A one-line solution (I call your lookup table lookup):

一种单行解决方案（我称您为查找表lookup）：

df['Score'].apply(lambda score: lookup['Grade'][(lookup['Lower_Boundary'] <= score) & (lookup['Upper_Boundary'] > score)].values[0])

Explanation:

说明：

For a given score, here is how to find the grade:

对于给定的分数，以下是查找成绩的方法：

score = -75
match = (lookup['Lower_Boundary'] <= score) & (lookup['Upper_Boundary'] > score)
grade = lookup['Grade'][match]

This return a series of length 1. You can get its value with, for instance:

这将返回一系列长度为 1 的值。例如，您可以获取其值：

grade.values[0]

All you need to do is applythe above to the score column. If you want a one-liner, use a lambdafunction:

您需要做的就是apply对分数列进行上述操作。如果你想要一个单线，使用一个lambda函数：

df['Score'].apply(lambda score: lookup['Grade'][(lookup['Lower_Boundary'] <= score) & (lookup['Upper_Boundary'] > score)].values[0])
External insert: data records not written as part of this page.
lemma convex_congruence_Id: "convex_congruence G Id"
  by (auto simp: convex_congruence_def equiv_def refl_on_def sym_def trans_def)

lemma convex_congruence_subset_if_class_subset:
  assumes lp: "l_perm_group G" and tr: "transitive_grp G"
    and E: "convex_congruence G E" and F: "convex_congruence G F"
    and sub: "E``{a} \<subseteq> F``{b}"
  shows "E \<subseteq> F"
proof safe
  fix p q assume "(p, q) \<in> E"
  obtain g where g: "g \<in> G" "g a = p" using tr unfolding transitive_grp_def by blast
  have "(g a, g (inv g q)) \<in> E"
    using \<open>(p, q) \<in> E\<close> g lp by (simp add: l_perm_group_bij bij_is_surj surj_f_inv_f)
  then have "(a, inv g q) \<in> F"
    using sub convex_congruence_apply_iff[OF lp E g(1)] convex_congruence_refl[OF E]
      convex_congruence_sym[OF F] convex_congruence_trans[OF F] by blast
  then have "(g a, g (inv g q)) \<in> F" using convex_congruence_apply[OF F g(1)] by blast
  then show "(p, q) \<in> F"
    using g lp by (simp add: l_perm_group_bij bij_is_surj surj_f_inv_f)
qed

section \<open>Roots\<close>

lemma roots_iff: "\<Delta> \<in> roots G \<longleftrightarrow> (\<exists>p q z. p \<noteq> q \<and> \<Delta> = V G p q `` {z})"
  by (auto simp: roots_def quotient_def)

lemma kappa_eq_V:
  assumes "l_perm_group G" "transitive_grp G" "u \<noteq> v"
  shows "kappa G (V G u v `` {z}) = V G u v"
  unfolding kappa_def
proof (rule the_equality)
  show "\<exists>\<alpha> \<beta>. \<alpha> \<noteq> \<beta> \<and> V G u v = V G \<alpha> \<beta> \<and> V G u v `` {z} \<in> UNIV // V G u v"
    using assms by (auto simp: quotient_def)
next
  fix E assume "\<exists>\<alpha> \<beta>. \<alpha> \<noteq> \<beta> \<and> E = V G \<alpha> \<beta> \<and> V G u v `` {z} \<in> UNIV // E"
  then obtain p q w where "E = V G p q" "V G u v `` {z} = E `` {w}"
    by (auto simp: quotient_def)
  then show "E = V G u v"
    using convex_congruence_subset_if_class_subset[OF assms(1,2) V_convex_congruence V_convex_congruence]
    by (metis order_refl subset_antisym)
qed

lemma ample_rst_nontrivial:
  assumes lp: "l_perm_group G" and tr: "transitive_grp G" and "ample G" and "u \<noteq> v"
  shows "\<exists>g\<in>rst G (V G u v `` {z}). g \<noteq> id"
proof -
  have "V G u v `` {z} \<in> roots G" using \<open>u \<noteq> v\<close> roots_iff by blast
  then obtain g \<alpha> where g: "g \<in> rst G (V G u v `` {z})" "V G \<alpha> (g \<alpha>) = V G u v"
    using \<open>ample G\<close> kappa_eq_V[OF lp tr \<open>u \<noteq> v\<close>] unfolding ample_def Q_def by fastforce
  have "g \<noteq> id"
  proof
    assume "g = id"
    then have "V G u v \<subseteq> Id" using g(2) V_least convex_congruence_Id by fastforce
    then show False using V_mem \<open>u \<noteq> v\<close> by blast
  qed
  then show ?thesis using g(1) by blast
qed

lemma no_minimal_root_shrink:
  assumes lp: "l_perm_group G" and tr: "transitive_grp G"
    and nm: "\<forall>\<Gamma>\<in>roots G. \<exists>\<Gamma>'\<in>roots G. \<Gamma>' \<subset> \<Gamma>" and "x \<noteq> y"
  shows "\<exists>u v. u \<noteq> v \<and> V G u v \<subseteq> V G x y \<and> (x, y) \<notin> V G u v"
proof -
  have "V G x y `` {x} \<in> roots G" using \<open>x \<noteq> y\<close> roots_iff by blast
  then obtain u v z where uv: "u \<noteq> v" "V G u v `` {z} \<subset> V G x y `` {x}"
    using nm roots_iff by metis
  have sub: "V G u v \<subseteq> V G x y"
    using convex_congruence_subset_if_class_subset[OF lp tr V_convex_congruence V_convex_congruence] uv
    by blast
  have "(x, y) \<notin> V G u v"
  proof
    assume "(x, y) \<in> V G u v"
    then have "V G x y = V G u v" using sub V_least V_convex_congruence by blast
    moreover have "(x, z) \<in> V G x y"
      using uv convex_congruence_refl[OF V_convex_congruence] by blast
    ultimately show False
      using uv convex_congruence_class_eq[OF V_convex_congruence] by (metis order_less_irrefl)
  qed
  then show ?thesis using uv sub by blast
qed

lemma no_minimal_root_separating_class:
  assumes lp: "l_perm_group G" and tr: "transitive_grp G"
    and nm: "\<forall>\<Gamma>\<in>roots G. \<exists>\<Gamma>'\<in>roots G. \<Gamma>' \<subset> \<Gamma>" and "\<Delta> \<in> roots G"
    and "\<beta> \<in> \<Delta>" "\<gamma> \<in> \<Delta>" "\<gamma> \<noteq> \<beta>" "\<delta> \<noteq> \<beta>"
  shows "\<exists>u v. u \<noteq> v \<and> V G u v `` {\<beta>} \<subseteq> \<Delta> \<and> \<gamma> \<notin> V G u v `` {\<beta>} \<and> \<delta> \<notin> V G u v `` {\<beta>}"
proof -
  obtain u v where uv: "u \<noteq> v" "V G u v \<subseteq> V G \<beta> \<gamma>" "(\<beta>, \<gamma>) \<notin> V G u v" "(\<beta>, \<delta>) \<notin> V G u v"
  proof -
    obtain u1 v1 where 1: "u1 \<noteq> v1" "V G u1 v1 \<subseteq> V G \<beta> \<gamma>" "(\<beta>, \<gamma>) \<notin> V G u1 v1"
      using no_minimal_root_shrink[OF lp tr nm] \<open>\<gamma> \<noteq> \<beta>\<close> by metis
    obtain u2 v2 where 2: "u2 \<noteq> v2" "V G u2 v2 \<subseteq> V G \<beta> \<delta>" "(\<beta>, \<delta>) \<notin> V G u2 v2"
      using no_minimal_root_shrink[OF lp tr nm] \<open>\<delta> \<noteq> \<beta>\<close> by metis
    \<comment> \<open>if the first congruence still identifies \<open>\<beta>\<close> and \<open>\<delta>\<close>, the second one lies below it\<close>
    show ?thesis
    proof (cases "(\<beta>, \<delta>) \<in> V G u1 v1")
      case True
      then have "V G \<beta> \<delta> \<subseteq> V G u1 v1" using V_least V_convex_congruence by blast
      then show ?thesis using that 1 2 by blast
    qed (use that 1 in blast)
  qed
  obtain p q z where pq: "\<Delta> = V G p q `` {z}" using \<open>\<Delta> \<in> roots G\<close> roots_iff by metis
  note cc = V_convex_congruence[of G p q]
  have "(z, \<beta>) \<in> V G p q" "(z, \<gamma>) \<in> V G p q" using pq \<open>\<beta> \<in> \<Delta>\<close> \<open>\<gamma> \<in> \<Delta>\<close> by auto
  then have "V G \<beta> \<gamma> \<subseteq> V G p q"
    using V_least cc convex_congruence_sym convex_congruence_trans by metis
  moreover have "\<Delta> = V G p q `` {\<beta>}"
    using pq \<open>(z, \<beta>) \<in> V G p q\<close> convex_congruence_class_eq[OF cc] by blast
  ultimately show ?thesis using uv by blast
qed

section \<open>The commutator of a class-moving element\<close>

locale moved_class =
  fixes G :: "('a::linorder \<Rightarrow> 'a) set" and E :: "('a \<times> 'a) set" and D :: "'a set"
    and b :: 'a and h g :: "'a \<Rightarrow> 'a"
  assumes l_perm: "l_perm_group G" and congr: "convex_congruence G E"
    and D_class: "D = E``{b}"
    and h_in: "h \<in> G" and h_moves: "h ` D \<noteq> D"
    and g_in: "g \<in> G" and g_supp: "supp g \<subseteq> D" and g_moves: "g b \<noteq> b"
begin

abbreviation c where "c \<equiv> gcomm (ginv h) (gconj h g)"

lemma bij_h: "bij h" and bij_g: "bij g"
  using l_perm h_in g_in l_perm_group_bij by blast+

lemma h_inv_h [simp]: "h (inv h x) = x" and inv_h_h [simp]: "inv h (h x) = x"
  using bij_h by (simp_all add: bij_is_surj surj_f_inv_f bij_is_inj)

lemma g_inv_g [simp]: "g (inv g x) = x" and inv_g_g [simp]: "inv g (g x) = x"
  using bij_g by (simp_all add: bij_is_surj surj_f_inv_f bij_is_inj)

lemma h_eq_iff [simp]: "h x = h y \<longleftrightarrow> x = y" and inv_h_eq_iff [simp]: "inv h x = inv h y \<longleftrightarrow> x = y"
  by (metis inv_h_h, metis h_inv_h)

lemma b_in_D: "b \<in> D"
  using D_class convex_congruence_refl[OF congr] by blast

lemma g_outside: "x \<notin> D \<Longrightarrow> g x = x"
  using g_supp by (auto simp: supp_def)

lemma inv_g_outside: "x \<notin> D \<Longrightarrow> inv g x = x"
  using g_outside by (metis inv_g_g)

lemma g_inside: "x \<in> D \<Longrightarrow> g x \<in> D"
  using g_outside by (metis inv_g_g)

lemma inv_g_inside: "x \<in> D \<Longrightarrow> inv g x \<in> D"
  using g_outside by (metis g_inv_g)

lemma h_out: "x \<in> D \<Longrightarrow> h x \<notin> D"
proof
  assume "x \<in> D" "h x \<in> D"
  then have "E``{x} = D" "E``{h x} = D"
    using D_class convex_congruence_class_eq[OF congr] by blast+
  then show False
    using h_moves convex_congruence_image_class[OF l_perm congr h_in] by metis
qed

lemma inv_h_out: "x \<in> D \<Longrightarrow> inv h x \<notin> D"
  using h_out by (metis h_inv_h)

lemma h_h_out: "x \<in> D \<Longrightarrow> h (h x) \<notin> D"
proof
  assume "x \<in> D" "h (h x) \<in> D"
  then have "(x, h (h x)) \<in> E"
    using D_class convex_congruence_sym[OF congr] convex_congruence_trans[OF congr] by blast
  then have "(x, h x) \<in> E"
    using convex_congruence_iterate[OF congr l_perm_group_strict_mono[OF l_perm h_in]] by blast
  then show False
    using \<open>x \<in> D\<close> D_class h_out convex_congruence_trans[OF congr] by blast
qed

lemma inv_h_inv_h_out: "x \<in> D \<Longrightarrow> inv h (inv h x) \<notin> D"
  using h_h_out by (metis h_inv_h)

lemma c_apply: "c x = g (h (inv g (inv h (g (inv h (inv g (h x)))))))"
  using gcomm_ginv_gconj_apply[OF bij_h bij_g] .

lemma c_inside: "x \<in> D \<Longrightarrow> c x = g (g x)"
  by (simp add: c_apply h_out inv_g_outside g_inside inv_h_out g_outside)

lemma c_inv_h_b: "c (inv h b) = inv h (inv g b)"
  using b_in_D
  by (simp add: c_apply inv_g_inside inv_h_out g_outside inv_h_inv_h_out inv_g_outside)

lemma c_h_b: "c (h b) = h (inv g b)"
  using b_in_D
  by (simp add: c_apply h_h_out inv_g_outside h_out g_outside inv_g_inside)

lemma c_outside:
  assumes "(inv h b, x) \<notin> E" "(b, x) \<notin> E" "(h b, x) \<notin> E"
  shows "c x = x"
proof -
  have "h x \<notin> D"
  proof
    assume "h x \<in> D"
    then have "(inv h b, inv h (h x)) \<in> E"
      using D_class convex_congruence_apply[OF congr l_perm_group_inv_closed[OF l_perm h_in]] by blast
    then show False using assms(1) by simp
  qed
  moreover have "inv h x \<notin> D"
  proof
    assume "inv h x \<in> D"
    then have "(h b, h (inv h x)) \<in> E"
      using D_class convex_congruence_apply[OF congr h_in] by blast
    then show False using assms(3) by simp
  qed
  moreover have "x \<notin> D" using assms(2) D_class by blast
  ultimately show ?thesis
    by (simp add: c_apply inv_g_outside g_outside)
qed

lemma c_moves: "c b \<noteq> b" "c (inv h b) \<noteq> inv h b" "c (h b) \<noteq> h b"
proof -
  have "inv g b \<noteq> b" using g_moves by (metis g_inv_g)
  moreover have "g (g b) \<noteq> b"
    using g_moves strict_mono_twice_fixed l_perm_group_strict_mono[OF l_perm g_in] by blast
  ultimately show "c b \<noteq> b" "c (inv h b) \<noteq> inv h b" "c (h b) \<noteq> h b"
    by (simp_all add: b_in_D c_inside c_inv_h_b c_h_b)
qed

lemma classes_distinct: "(inv h b, b) \<notin> E" "(b, h b) \<notin> E" "(inv h b, h b) \<notin> E"
proof -
  show "(inv h b, b) \<notin> E" "(b, h b) \<notin> E"
    using inv_h_out[OF b_in_D] h_out[OF b_in_D] D_class convex_congruence_sym[OF congr] by auto
  show "(inv h b, h b) \<notin> E"
  proof
    assume "(inv h b, h b) \<in> E"
    then have "(h (inv h b), h (h b)) \<in> E" using convex_congruence_apply[OF congr h_in] by blast
    then show False using h_h_out[OF b_in_D] D_class by simp
  qed
qed

lemma c_neq_id: "c \<noteq> id"
  using c_moves by auto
Otherwise the following would be more readable:

否则以下内容将更具可读性：

def lookup_grade(score):
    match = (lookup['Lower_Boundary'] <= score) & (lookup['Upper_Boundary'] > score)
    grade = lookup['Grade'][match]
    return grade.values[0]

df['Score'].apply(lookup_grade)

This approach would also make it easier to deal with cases when no match is found.

这种方法还可以更轻松地处理找不到匹配项的情况。